Starting at the line that has "unfolding marg_eq_sum_cell using" and stopping after the line that has "by (auto simp: cell_def)", reproduce the listing below exactly; omit everything else.
########################################
lemma of_int_mult_cancel:
  fixes w :: "'k::comm_ring_1"
  assumes inv: "\<And>n::int. n \<noteq> 0 \<Longrightarrow> \<exists>u::'k. of_int n * u = 1"
    and "n \<noteq> 0" "of_int n * w = 0"
  shows "w = 0"
  using inv[OF assms(2)] assms(3) by (metis mult.assoc mult.commute mult_1 mult_zero_right)

lemma of_int_injective:
  assumes inv: "\<And>n::int. n \<noteq> 0 \<Longrightarrow> \<exists>u::'k::comm_ring_1. of_int n * u = 1"
    and nontriv: "(1::'k) \<noteq> 0" and "of_int a = (of_int b :: 'k)"
  shows "a = b"
  using of_int_mult_cancel[OF inv, of "a - b" 1] nontriv assms(3) by auto

lemma monic_homogeneous_root_denominator_unit:
  fixes p :: "int poly"
  assumes "lead_coeff p = 1" "coprime N m"
    and root: "(\<Sum>i\<le>degree p. coeff p i * m ^ i * N ^ (degree p - i)) = 0"
  shows "is_unit N"
proof -
  let ?d = "degree p"
  have "(\<Sum>i<?d. coeff p i * m ^ i * N ^ (?d - i)) + m ^ ?d = 0"
    using root assms(1) by (simp add: lessThan_Suc_atMost[symmetric])
  hence "m ^ ?d = - (\<Sum>i<?d. coeff p i * m ^ i * N ^ (?d - i))"
    by (simp add: eq_neg_iff_add_eq_0 add.commute)
  moreover have "N dvd (\<Sum>i<?d. coeff p i * m ^ i * N ^ (?d - i))"
    by (rule dvd_sum) simp
  ultimately have "N dvd m ^ ?d" by simp
  moreover have "coprime N (m ^ ?d)" using assms(2) by simp
  ultimately show ?thesis using coprime_common_divisor[of N "m ^ ?d" N] by simp
qed

lemma dvd_if_of_int_mult_mem_maximal_order:
  fixes z :: "'k::comm_ring_1"
  assumes inv: "\<And>n::int. n \<noteq> 0 \<Longrightarrow> \<exists>u::'k. of_int n * u = 1"
    and nontriv: "(1::'k) \<noteq> 0"
    and z: "z \<in> maximal_order" and N: "N \<noteq> 0" and e: "of_int N * z = of_int m"
  shows "N dvd m"
proof -
  obtain g N1 m1 where N1: "N = g * N1" and m1: "m = g * m1" and cop: "coprime N1 m1"
    and g: "g \<noteq> 0"
    using gcd_coprime_exists[of N m] N by (metis gcd_eq_0_iff mult.commute)
  have "of_int g * (of_int N1 * z - of_int m1) = (0::'k)"
    using e unfolding N1 m1 by (simp add: algebra_simps)
  hence e1: "of_int N1 * z = (of_int m1 :: 'k)"
    using of_int_mult_cancel[OF inv g] by (metis right_minus_eq)
  obtain p where p: "lead_coeff p = 1" "poly (map_poly of_int p) z = (0::'k)"
    using z unfolding maximal_order_def by blast
  let ?d = "degree p"
  have "0 = of_int N1 ^ ?d * (\<Sum>i\<le>?d. of_int (coeff p i) * z ^ i :: 'k)"
    using p(2) poly_of_int_poly_eq_sum[of p z] by simp
  also have "\<dots> = (\<Sum>i\<le>?d. of_int (coeff p i) * (of_int N1 * z) ^ i * of_int N1 ^ (?d - i))"
    unfolding sum_distrib_left
  proof (rule sum.cong[OF refl])
    fix i assume "i \<in> {..?d}"
    hence "(of_int N1 :: 'k) ^ ?d = of_int N1 ^ i * of_int N1 ^ (?d - i)"
      by (metis le_add_diff_inverse atMost_iff power_add)
    thus "of_int N1 ^ ?d * (of_int (coeff p i) * z ^ i) =
        of_int (coeff p i) * (of_int N1 * z) ^ i * of_int N1 ^ (?d - i)"
      by (simp add: power_mult_distrib algebra_simps)
  qed
  also have "\<dots> = of_int (\<Sum>i\<le>?d. coeff p i * m1 ^ i * N1 ^ (?d - i))"
    unfolding e1 by simp
  finally have "(\<Sum>i\<le>?d. coeff p i * m1 ^ i * N1 ^ (?d - i)) = 0"
    using of_int_injective[OF inv nontriv] by (metis of_int_0)
  hence "is_unit N1" using monic_homogeneous_root_denominator_unit[OF p(1) cop] by blast
  thus ?thesis unfolding N1 m1 by (simp add: mult_dvd_mono unit_imp_dvd)
qed
(* In the setting described in the context, assume $G$ satisfies Condition 1, and let $U=\max_{i}x_i(0)$ and $u=\min_i x_i(0)$, the max and min over non-faulty agents. Then for every non-faulty agent $i$ and every $t\ge1$, $$|y(t)-x_i(t)|\le(n-\phi)\max\{|u|,|U|\}\gamma^{\lceil t/\nu\rceil}+(n-\phi)L\sum_{r=1}^{t-1}\alpha(r-1)\gamma^{\lceil (t-r)/\nu\rceil}+2\alpha(t-1)L,$$ where the sum is $0$ when $t=1$.
   Context: A synchronous system of $n$ agents communicates over a directed graph $G=(\mathcal{V},\mathcal{E})$, $\mathcal{V}=\{1,\dots,n\}$, without self-loops; $N_i^-=\{j:(j,i)\in\mathcal{E}\}$. At most $f$ agents are Byzantine faulty (may send arbitrary, possibly inconsistent values); $\mathcal{F}$ is the set of faulty agents, $\phi=|\mathcal{F}|\le f$, non-faulty agents indexed $1,\dots,n-\phi$. Assignment matrix $\mathbf{A}\in\mathbb{R}^{k\times n}$: nonnegative entries, columns summing to $1$; agent $i$ holds $g_i=\sum_{j=1}^k\mathbf{A}_{ji}h_j$ for admissible (convex, $L$-Lipschitz, nonempty compact argmin) $h_1,\dots,h_k:\mathbb{R}\to\mathbb{R}$. Sparsity parameter $sp(\mathbf{A})$: smallest $s$ such that the sum of any $s$ columns of $\mathbf{A}$ is component-wise positive ($n+1$ if the sum of all columns is not). Reduced graph w.r.t. $\mathcal{F}$: subgraph of $G$ obtained by removing the nodes of $\mathcal{F}$ with their edges and then up to $f$ additional incoming edges at each remaining node; $R_{\mathcal{F}}$ the set of reduced graphs, $\tau=|R_{\mathcal{F}}|$. Source component: set of nodes each having a directed path to every other node of the graph. Condition 1: for every $\mathcal{F}'\subseteq\mathcal{V}$ with $|\mathcal{F}'|\le f$, every reduced graph w.r.t. $\mathcal{F}'$ has a source component with at least $\max\{f+1,sp(\mathbf{A})\}$ nodes. Step sizes: $\alpha(t)\ge0$ with $\alpha(t+1)\le\alpha(t)$, $\sum_t\alpha(t)=\infty$, $\sum_t\alpha^2(t)<\infty$. Algorithm 2: arbitrary $x_i(0)$; in iteration $t\ge1$ non-faulty agent $i$ sends $x_i(t-1)$ to all out-neighbors, receives $|N_i^-|$ values (default for missing), discards the $f$ smallest and $f$ largest, lets $N_i^*(t)$ be the senders of the remaining values with values $w_j$, sets $w_i=x_i(t-1)$, and updates $x_i(t)=\frac{1}{|N_i^*(t)|+1}\sum_{j\in\{i\}\cup N_i^*(t)}w_j-\alpha(t-1)d_i(t-1)$, $d_i(t-1)$ a subgradient of $g_i$ at $x_i(t-1)$. Known facts: with $\mathbf{x}(t)$ the non-faulty states and $\mathbf{d}(t)=(d_1(t),\dots,d_{n-\phi}(t))$, $\mathbf{x}(t+1)=\mathbf{M}(t)\mathbf{x}(t)-\alpha(t)\mathbf{d}(t)$ with row-stochastic $\mathbf{M}(t)$, and there is $0<\beta<1$ with $\mathbf{M}(t)\ge\beta\mathbf{H}(t)$ entrywise for the adjacency matrix $\mathbf{H}(t)$ (including diagonal ones) of some reduced graph in $R_{\mathcal{F}}$. Let $\Phi(t,r)=\mathbf{M}(t)\cdots\mathbf{M}(r)$ for $t\ge r$, $\Phi(t,t+1)=I$, $\nu=\tau(n-\phi)$, $\gamma=1-\beta^\nu$. Under Condition 1, for each $r$, $\lim_{t\to\infty}\Phi(t,r)=\mathbf{1}\pi(r)$ for a stochastic row vector $\pi(r)$, and $|\Phi_{ij}(t,r)-\pi_j(r)|\le\gamma^{\lceil (t-r+1)/\nu\rceil}$ for all $t\ge r$. Define $y(t)=\sum_{j=1}^{n-\phi}\pi_j(0)x_j(0)-\sum_{r=1}^{t}\alpha(r-1)\sum_{j=1}^{n-\phi}\pi_j(r)d_j(r-1)$. *)

theory Defs
  imports "HOL-Analysis.Analysis"
begin
locale his_occupancy =
  fixes M :: "('x,'u,'z) decpomdp"
    and s :: "'x \<times> ('u,'z) hist list \<Rightarrow> real"
    and \<zeta> :: "nat \<Rightarrow> 'z \<Rightarrow> 'u \<times> 'z"
    and \<beta> :: "'x \<Rightarrow> ('u,'z) hist list \<Rightarrow> 'u list \<Rightarrow> real"
  assumes decpomdp: "is_decpomdp M"
    and finite_osupp: "finite (osupp s)"
    and nonneg: "0 \<le> s xo"
    and length_osupp: "xo \<in> osupp s \<Longrightarrow> length (snd xo) = nP M"
    and down_osupp:
      "xo \<in> osupp s \<Longrightarrow> 1 \<le> j \<Longrightarrow> j < nP M \<Longrightarrow> down \<zeta> j (snd xo ! j) = snd xo ! (j - 1)"

lemma his_occupancy_reachable:
  assumes "is_decpomdp M" "his M \<zeta>" "reachable_occ M \<tau> s"
  shows "his_occupancy M s \<zeta>"
proof -
  from assms(3) obtain A where A: "\<forall>t<\<tau>. dr_ok M (A t)" and s: "s = occ M A \<tau>"
    unfolding reachable_occ_def by blast
  have nested: "length (snd xo) = nP M \<and>
      (\<forall>j. 1 \<le> j \<and> j < nP M \<longrightarrow> down \<zeta> j (snd xo ! j) = snd xo ! (j - 1))"
    if "xo \<in> osupp s" for xo
    using that occ_support_nested[OF assms(2) A, of "fst xo" "snd xo"] by (simp add: s osupp_def)
  show ?thesis
    using assms(1) nested occ_nonneg finite_osupp_occ by unfold_locales (simp_all add: s)
qed

context his_occupancy
begin

lemma nP_pos: "0 < nP M"
  using decpomdp by (simp add: is_decpomdp_def)

lemma finite_Act: "i < nP M \<Longrightarrow> finite (Act M i)"
  using decpomdp by (simp add: is_decpomdp_def)

lemma Act_nonempty: "i < nP M \<Longrightarrow> Act M i \<noteq> {}"
  using decpomdp by (simp add: is_decpomdp_def)

definition cell :: "('u,'z) hist list \<Rightarrow> ('x \<times> ('u,'z) hist list) set" where
  "cell os = {xo \<in> osupp s. take (length os) (snd xo) = os}"

lemma marg_eq_sum_cell: "marg s (length os) os = sum s (cell os)"
  by (simp add: marg_def cell_def)

lemma marg_nonneg: "0 \<le> marg s k os"
  unfolding marg_def by (rule sum_nonneg) (rule nonneg)

lemma trP_nonneg: "0 \<le> trP s os o'"
  unfolding trP_def using marg_nonneg by simp

lemma marg_eq_0_iff: "marg s (length os) os = 0 \<longleftrightarrow> cell os = {}"
proof -
  have "marg s (length os) os = 0 \<longleftrightarrow> (\<forall>xo\<in>cell os. s xo = 0)"
    unfolding marg_eq_sum_cell using finite_osupp nonneg
    by (intro sum_nonneg_eq_0_iff) (auto simp: cell_def)
  also have "\<dots> \<longleftrightarrow> cell os = {}"
    by (auto simp: cell_def osupp_def)
  finally show ?thesis .
qed

lemma cell_Nil: "cell [] = osupp s"
  by (simp add: cell_def)

lemma cell_snoc: "length os < nP M \<Longrightarrow> cell (os @ [o']) = {xo \<in> cell os. snd xo ! length os = o'}"
  using length_osupp by (auto simp: cell_def take_Suc_conv_app_nth)

lemma sum_cell_split:
  assumes "length os < nP M"
  shows "sum f (cell os) = (\<Sum>o'\<in>hists s (length os). sum f (cell (os @ [o'])))"
  unfolding cell_snoc[OF assms]
  by (rule sum.group[symmetric]) (auto simp: cell_def hists_def finite_osupp)

lemma lowhists_osupp:
  "xo \<in> osupp s \<Longrightarrow> i < nP M \<Longrightarrow> lowhists \<zeta> i (snd xo ! i) = take (Suc i) (snd xo)"
proof (induction i)
  case 0
  then have "snd xo \<noteq> []"
    using length_osupp nP_pos by fastforce
  then show ?case
    by (cases "snd xo") auto
next
  case (Suc i)
  then show ?case
    using down_osupp[of xo "Suc i"] length_osupp[of xo] by (simp add: take_Suc_conv_app_nth)
qed

lemma lowhists_if_marg_neq_0:
  assumes "length os < nP M" "marg s (Suc (length os)) (os @ [o']) \<noteq> 0"
  shows "lowhists \<zeta> (length os) o' = os @ [o']"
proof -
  obtain xo where "xo \<in> cell (os @ [o'])"
    using assms(2) marg_eq_0_iff[of "os @ [o']"] by auto
  then have xo: "xo \<in> osupp s" and take: "take (Suc (length os)) (snd xo) = os @ [o']"
    by (auto simp: cell_def)
  then have "snd xo ! length os = o'"
    by (metis lessI nth_append_length nth_take)
  then show ?thesis
    using lowhists_osupp[OF xo assms(1)] take by simp
qed

section \<open>Backward induction in the extensive-form game\<close>

lemma spay_le_bst:
  assumes \<sigma>: "strat_ok M \<sigma>"
  shows "length os + d = nP M \<Longrightarrow> spay M s \<beta> \<sigma> d (os, us) u \<le> bst M s \<beta> d (os, us) u"
proof (induction d arbitrary: os us u)
  case 0
  then show ?case by simp
next
  case (Suc d)
  let ?k = "length os"
  show ?case unfolding spay.simps bst.simps
  proof (intro sum_mono mult_left_mono[OF _ trP_nonneg])
    fix o'
    let ?nd = "(os @ [o'], us @ [u])"
    have "spay M s \<beta> \<sigma> d ?nd (\<sigma> ?k ?nd) \<le> bst M s \<beta> d ?nd (\<sigma> ?k ?nd)"
      using Suc by simp
    also have "\<dots> \<le> Max (bst M s \<beta> d ?nd ` Act M ?k)"
      using \<sigma> Suc.prems finite_Act[of ?k] by (auto simp: strat_ok_def)
    finally show "spay M s \<beta> \<sigma> d ?nd (\<sigma> ?k ?nd) \<le> Max (bst M s \<beta> d ?nd ` Act M ?k)" .
  qed
qed

definition greedy_at ::
    "(nat \<Rightarrow> ('u,'z) hist list \<times> 'u list \<Rightarrow> 'u) \<Rightarrow> nat \<Rightarrow> ('u,'z) hist list \<times> 'u list \<Rightarrow> bool"
  where "greedy_at \<sigma> i nd \<longleftrightarrow>
    betastar M s \<beta> i nd (\<sigma> i nd) = Max (betastar M s \<beta> i nd ` Act M i)"

(* P is an invariant of the play of sigma; greediness is only required at nodes of positive
   probability reached from nodes satisfying P. *)
definition greedy_along ::
    "(nat \<Rightarrow> ('u,'z) hist list \<times> 'u list \<Rightarrow> 'u) \<Rightarrow> (('u,'z) hist list \<Rightarrow> 'u list \<Rightarrow> 'u \<Rightarrow> bool) \<Rightarrow> bool"
  where "greedy_along \<sigma> P \<longleftrightarrow>
    (\<forall>os us u o'. P os us u \<and> length os < nP M \<and> marg s (Suc (length os)) (os @ [o']) \<noteq> 0 \<longrightarrow>
       greedy_at \<sigma> (length os) (os @ [o'], us @ [u]) \<and>
       P (os @ [o']) (us @ [u]) (\<sigma> (length os) (os @ [o'], us @ [u])))"

lemma spay_eq_bst_if_greedy_along:
  assumes "greedy_along \<sigma> P"
  shows "length os + d = nP M \<Longrightarrow> P os us u \<Longrightarrow>
    spay M s \<beta> \<sigma> d (os, us) u = bst M s \<beta> d (os, us) u"
proof (induction d arbitrary: os us u)
  case 0
  then show ?case by simp
next
  case (Suc d)
  let ?k = "length os"
  show ?case unfolding spay.simps bst.simps
  proof (rule sum.cong[OF refl])
    fix o'
    let ?nd = "(os @ [o'], us @ [u])"
    show "trP s os o' * spay M s \<beta> \<sigma> d ?nd (\<sigma> ?k ?nd) =
        trP s os o' * Max (bst M s \<beta> d ?nd ` Act M ?k)"
    proof (cases "marg s (Suc ?k) (os @ [o']) = 0")
      case True
      then show ?thesis by (simp add: trP_def)
    next
      case False
      with assms Suc.prems have "greedy_at \<sigma> ?k ?nd" and "P (os @ [o']) (us @ [u]) (\<sigma> ?k ?nd)"
        by (auto simp: greedy_along_def)
      moreover have "nP M - 1 - ?k = d"
        using Suc.prems by simp
      ultimately show ?thesis
        using Suc by (simp add: greedy_at_def betastar_def)
    qed
  qed
qed

lemma ex_greedy_strategy: "\<exists>\<sigma>. strat_ok M \<sigma> \<and> (\<forall>i<nP M. \<forall>nd. greedy_at \<sigma> i nd)"
proof -
  have "\<exists>u. i < nP M \<longrightarrow> u \<in> Act M i \<and> betastar M s \<beta> i nd u = Max (betastar M s \<beta> i nd ` Act M i)"
    for i nd
  proof (cases "i < nP M")
    case True
    then have "Max (betastar M s \<beta> i nd ` Act M i) \<in> betastar M s \<beta> i nd ` Act M i"
      using finite_Act Act_nonempty by simp
    then show ?thesis
      by force
  qed simp
  then obtain \<sigma> where "\<forall>i nd. i < nP M \<longrightarrow> \<sigma> i nd \<in> Act M i \<and>
      betastar M s \<beta> i nd (\<sigma> i nd) = Max (betastar M s \<beta> i nd ` Act M i)"
    by metis
  then show ?thesis
    by (auto simp: strat_ok_def greedy_at_def)
qed

definition opt_val :: real where
  "opt_val = (\<Sum>o1\<in>hists s 0. marg s 1 [o1] * Max (betastar M s \<beta> 0 ([o1], []) ` Act M 0))"

lemma game_val_le_opt_val:
  assumes \<sigma>: "strat_ok M \<sigma>"
  shows "game_val M s \<beta> \<sigma> \<le> opt_val"
  unfolding game_val_def opt_val_def
proof (intro sum_mono mult_left_mono[OF _ marg_nonneg])
  fix o1
  let ?nd = "([o1], []) :: ('u,'z) hist list \<times> 'u list"
  have "payoff_after M s \<beta> \<sigma> 0 ?nd (\<sigma> 0 ?nd) \<le> betastar M s \<beta> 0 ?nd (\<sigma> 0 ?nd)"
    unfolding payoff_after_def betastar_def using spay_le_bst[OF \<sigma>] nP_pos by simp
  also have "\<dots> \<le> Max (betastar M s \<beta> 0 ?nd ` Act M 0)"
    using \<sigma> nP_pos finite_Act[of 0] by (auto simp: strat_ok_def)
  finally show "payoff_after M s \<beta> \<sigma> 0 ?nd (\<sigma> 0 ?nd) \<le> Max (betastar M s \<beta> 0 ?nd ` Act M 0)" .
qed

lemma game_val_eq_opt_val_if_greedy_along:
  assumes root: "\<And>o1. marg s 1 [o1] \<noteq> 0 \<Longrightarrow> greedy_at \<sigma> 0 ([o1], []) \<and> P [o1] [] (\<sigma> 0 ([o1], []))"
    and along: "greedy_along \<sigma> P"
  shows "game_val M s \<beta> \<sigma> = opt_val"
  unfolding game_val_def opt_val_def
proof (rule sum.cong[OF refl])
  fix o1
  show "marg s 1 [o1] * payoff_after M s \<beta> \<sigma> 0 ([o1], []) (\<sigma> 0 ([o1], []))
      = marg s 1 [o1] * Max (betastar M s \<beta> 0 ([o1], []) ` Act M 0)"
  proof (cases "marg s 1 [o1] = 0")
    case False
    with root have "greedy_at \<sigma> 0 ([o1], [])" and "P [o1] [] (\<sigma> 0 ([o1], []))"
      by auto
    with spay_eq_bst_if_greedy_along[OF along] nP_pos show ?thesis
      by (simp add: payoff_after_def greedy_at_def betastar_def)
  qed simp
qed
########################################
● **Answer**:
    unfolding marg_eq_sum_cell using finite_osupp nonneg
    by (intro sum_nonneg_eq_0_iff) (auto simp: cell_def)
  also have "\<dots> \<longleftrightarrow> cell os = {}"
    by (auto simp: cell_def osupp_def)
  finally show ?thesis .
qed

lemma cell_Nil: "cell [] = osupp s"
  by (simp add: cell_def)

lemma cell_snoc: "length os < nP M \<Longrightarrow> cell (os @ [o']) = {xo \<in> cell os. snd xo ! length os = o'}"
  using length_osupp by (auto simp: cell_def take_Suc_conv_app_nth)

lemma sum_cell_split:
  assumes "length os < nP M"
  shows "sum f (cell os) = (\<Sum>o'\<in>hists s (length os). sum f (cell (os @ [o'])))"
  unfolding cell_snoc[OF assms]
  by (rule sum.group[symmetric]) (auto simp: cell_def hists_def finite_osupp)

lemma lowhists_osupp:
  "xo \<in> osupp s \<Longrightarrow> i < nP M \<Longrightarrow> lowhists \<zeta> i (snd xo ! i) = take (Suc i) (snd xo)"
proof (induction i)
  case 0
  then have "snd xo \<noteq> []"
    using length_osupp nP_pos by fastforce
  then show ?case
    by (cases "snd xo") auto
next
  case (Suc i)
  then show ?case
    using down_osupp[of xo "Suc i"] length_osupp[of xo] by (simp add: take_Suc_conv_app_nth)
qed

lemma lowhists_if_marg_neq_0:
  assumes "length os < nP M" "marg s (Suc (length os)) (os @ [o']) \<noteq> 0"
  shows "lowhists \<zeta> (length os) o' = os @ [o']"
proof -
  obtain xo where "xo \<in> cell (os @ [o'])"
    using assms(2) marg_eq_0_iff[of "os @ [o']"] by auto
  then have xo: "xo \<in> osupp s" and take: "take (Suc (length os)) (snd xo) = os @ [o']"
    by (auto simp: cell_def)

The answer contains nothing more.